Studio album by Ryan Shupe & the RubberBand
- Released: May 27, 2008
- Genre: Country
- Label: Montage Music Group
- Producer: Ryan Shupe & the RubberBand Jason Deere

Ryan Shupe & the RubberBand chronology
| Dream Big (2003/2005) | Last Man Standing (2008) | Brand New Shoes (2010) |

= Last Man Standing (Ryan Shupe & The RubberBand album) =

Last Man Standing is American country music band Ryan Shupe & the RubberBand's fourth studio album. It was released on May 27, 2008 on the Montage Music Group label. The album comprises eleven songs, all written by lead vocalist and fiddler Ryan Shupe. The band co-produced it with Jason Deere.

Professional ratings
Review scores
| Source | Rating |
| Angrycountry.com | favorable link |
| Country Standard Time | favorable link |

==Track listing==
All songs written by Ryan Shupe.
1. "Don't Leave Me Lonely" – 2:47
2. "Last Man Standing (Number One)" – 3:42
3. "Please Be Mine" – 2:53
4. "All I Need" – 4:27
5. "So" – 3:08
6. "10,000 Lakes" – 3:46
7. "If You Could Live a Different Life" – 4:04
8. "My Life" – 3:23
9. "Lonely Person" – 4:47
10. "Be the One" – 2:52
11. "Corn Dogs" – 4:42

== Associated Events ==
The band held a contest conducted from their official MySpace page, where a new song from the album was posted every few days for several weeks.

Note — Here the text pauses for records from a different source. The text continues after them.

section \<open>Regularity and prime graphs\<close>

lemma ind_hom_nonzero_le_card:
  fixes K :: "'k::field itself"
  assumes "finite S" "ind_hom_nonzero K E S j"
  shows "j \<le> card S"
proof (rule ccontr)
  assume j: "\<not> j \<le> card S"
  obtain c :: "'a set \<Rightarrow> 'k" where cyc: "is_cycle E S j c" and nb: "\<not> is_boundary E S j c"
    using assms(2) by (auto simp: ind_hom_nonzero_def)
  have "c F = 0" for F
  proof (rule ccontr)
    assume "c F \<noteq> 0"
    then have "F \<subseteq> S" "card F = j" using cyc by (auto simp: is_cycle_def is_chain_def indep_def)
    then show False using j card_mono[OF assms(1)] by blast
  qed
  then have "is_boundary E S j c"
    unfolding is_boundary_def by (intro exI[of _ "\<lambda>F. 0"]) (simp add: is_chain_def bdry_def)
  with nb show False by simp
qed

lemma ind_hom_nonzero_empty: "ind_hom_nonzero (K :: 'k::field itself) E {} 0"
proof -
  define c :: "'a set \<Rightarrow> 'k" where "c = (\<lambda>F. if F = {} then 1 else 0)"
  have "is_cycle E {} 0 c" by (auto simp: c_def is_cycle_def is_chain_def indep_def)
  moreover have "\<not> is_boundary E {} 0 c"
  proof
    assume "is_boundary E {} 0 c"
    then obtain d where "\<forall>F. indep E {} F \<and> card F = 0 \<longrightarrow> c F = bdry {} d F"
      by (auto simp: is_boundary_def)
    then have "c {} = bdry {} d {}" by (simp add: indep_def)
    then show False by (simp add: c_def bdry_def)
  qed
  ultimately show ?thesis unfolding ind_hom_nonzero_def by blast
qed

lemma finite_hom_degrees:
  assumes "finite V"
  shows "finite {j. \<exists>S\<subseteq>V. ind_hom_nonzero K E S j}"
proof (rule finite_subset[of _ "{..card V}"])
  show "{j. \<exists>S\<subseteq>V. ind_hom_nonzero K E S j} \<subseteq> {..card V}"
  proof
    fix j assume "j \<in> {j. \<exists>S\<subseteq>V. ind_hom_nonzero K E S j}"
    then obtain S where S: "S \<subseteq> V" "ind_hom_nonzero K E S j" by blast
    then have "j \<le> card S" using ind_hom_nonzero_le_card finite_subset assms by blast
    then show "j \<in> {..card V}" using card_mono[OF assms S(1)] by simp
  qed
qed simp

lemma reg_attained:
  assumes "finite V"
  obtains S where "S \<subseteq> V" "ind_hom_nonzero K E S (reg K V E)"
proof -
  have "reg K V E \<in> {j. \<exists>S\<subseteq>V. ind_hom_nonzero K E S j}"
    unfolding reg_def
    by (rule Max_in[OF finite_hom_degrees[OF assms]]) (use ind_hom_nonzero_empty in blast)
  then show ?thesis using that by blast
qed

lemma reg_ge:
  assumes "finite V" "S \<subseteq> V" "ind_hom_nonzero K E S j"
  shows "j \<le> reg K V E"
  unfolding reg_def by (rule Max_ge[OF finite_hom_degrees[OF assms(1)]]) (use assms(2,3) in blast)

lemma ind_hom_nonzero_delete_vertex:
  assumes "x \<notin> S"
  shows "ind_hom_nonzero K (\<lambda>a b. E a b \<and> a \<noteq> x \<and> b \<noteq> x) S j = ind_hom_nonzero K E S j"
proof -
  have "indep (\<lambda>a b. E a b \<and> a \<noteq> x \<and> b \<noteq> x) S = indep E S"
    using assms by (auto simp: indep_def fun_eq_iff)
  then show ?thesis
    unfolding ind_hom_nonzero_def is_cycle_def is_chain_def is_boundary_def by simp
qed

lemma not_prime_graph_if_hom_avoids:
  assumes "finite V" "w \<in> V" "S \<subseteq> V - {w}" "ind_hom_nonzero K E S (reg K V E)"
  shows "\<not> prime_graph K V E"
proof
  assume prime: "prime_graph K V E"
  let ?E' = "\<lambda>a b. E a b \<and> a \<noteq> w \<and> b \<noteq> w"
  have "w \<notin> S" using assms(3) by blast
  then have "ind_hom_nonzero K ?E' S (reg K V E)"
    using assms(4) by (simp add: ind_hom_nonzero_delete_vertex)
  then have "reg K V E \<le> reg K (V - {w}) ?E'"
    by (rule reg_ge[rotated 2]) (use assms(1,3) in auto)
  moreover have "reg K (V - {w}) ?E' < reg K V E"
    using prime assms(2) by (auto simp: prime_graph_def)
  ultimately show False by simp
qed

lemma graph_simple_edges: "graph V E \<Longrightarrow> simple_edges E"
  unfolding graph_def by unfold_locales auto

lemma prime_graph_link_hom_nonzero:
  fixes K :: "'k::field itself"
  assumes "graph V E" "prime_graph K V E" "x \<in> V"
  shows "0 < reg K V E \<and> ind_hom_nonzero K E (non_nbhd E V x) (reg K V E - 1)"
proof -
  have fV: "finite V" using assms(1) by (simp add: graph_def)
  obtain S where S: "S \<subseteq> V" "ind_hom_nonzero K E S (reg K V E)" by (rule reg_attained[OF fV])
  have "S = V"
  proof (rule ccontr)
    assume "S \<noteq> V"
    then obtain w where "w \<in> V" "w \<notin> S" using S(1) by blast
    then show False using not_prime_graph_if_hom_avoids[OF fV] S assms(2) by blast
  qed
  then have "ind_hom_nonzero K E (V - {x}) (reg K V E)
        \<or> 0 < reg K V E \<and> ind_hom_nonzero K E (non_nbhd E V x) (reg K V E - 1)"
    using simple_edges.hom_nonzero_delete_or_link[OF graph_simple_edges[OF assms(1)] fV assms(3)] S
    by blast
  then show ?thesis using not_prime_graph_if_hom_avoids[OF fV assms(3)] assms(2) by blast
qed

lemma not_prime_graph_if_open_nbhd_subset:
  fixes K :: "'k::field itself"
  assumes "graph V E" "x \<in> V" "y \<in> V" "x \<noteq> y" "open_nbhd V E y \<subseteq> open_nbhd V E x"
  shows "\<not> prime_graph K V E"
proof
  assume "prime_graph K V E"
  then have hom: "ind_hom_nonzero K E (non_nbhd E V x) (reg K V E - 1)"
    using prime_graph_link_hom_nonzero[OF assms(1) _ assms(2)] by blast
  interpret simple_edges E by (rule graph_simple_edges[OF assms(1)])
  have "\<not> E x y"
  proof
    assume "E x y"
    then have "x \<in> open_nbhd V E y" using assms(2) edge_sym by (simp add: open_nbhd_def)
    then show False using assms(5) edge_irrefl by (auto simp: open_nbhd_def)
  qed
  then have "y \<in> non_nbhd E V x" using assms(3,4) by simp
  moreover have "\<forall>t\<in>non_nbhd E V x. \<not> E y t" using assms(5) by (auto simp: open_nbhd_def)
  moreover have "finite (non_nbhd E V x)" using assms(1) by (simp add: graph_def)
  ultimately show False
    using hom cycle_is_boundary_if_isolated unfolding ind_hom_nonzero_def by blast
qed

A person was selected at random from the band's list of friends that had either put the new song on their personal page, or made the album's cover art their profile picture to win an autographed copy of the CD. They also held an essay contest to find an MC for their CD release concert, which was held in Sandy, Utah on June 6, 2008.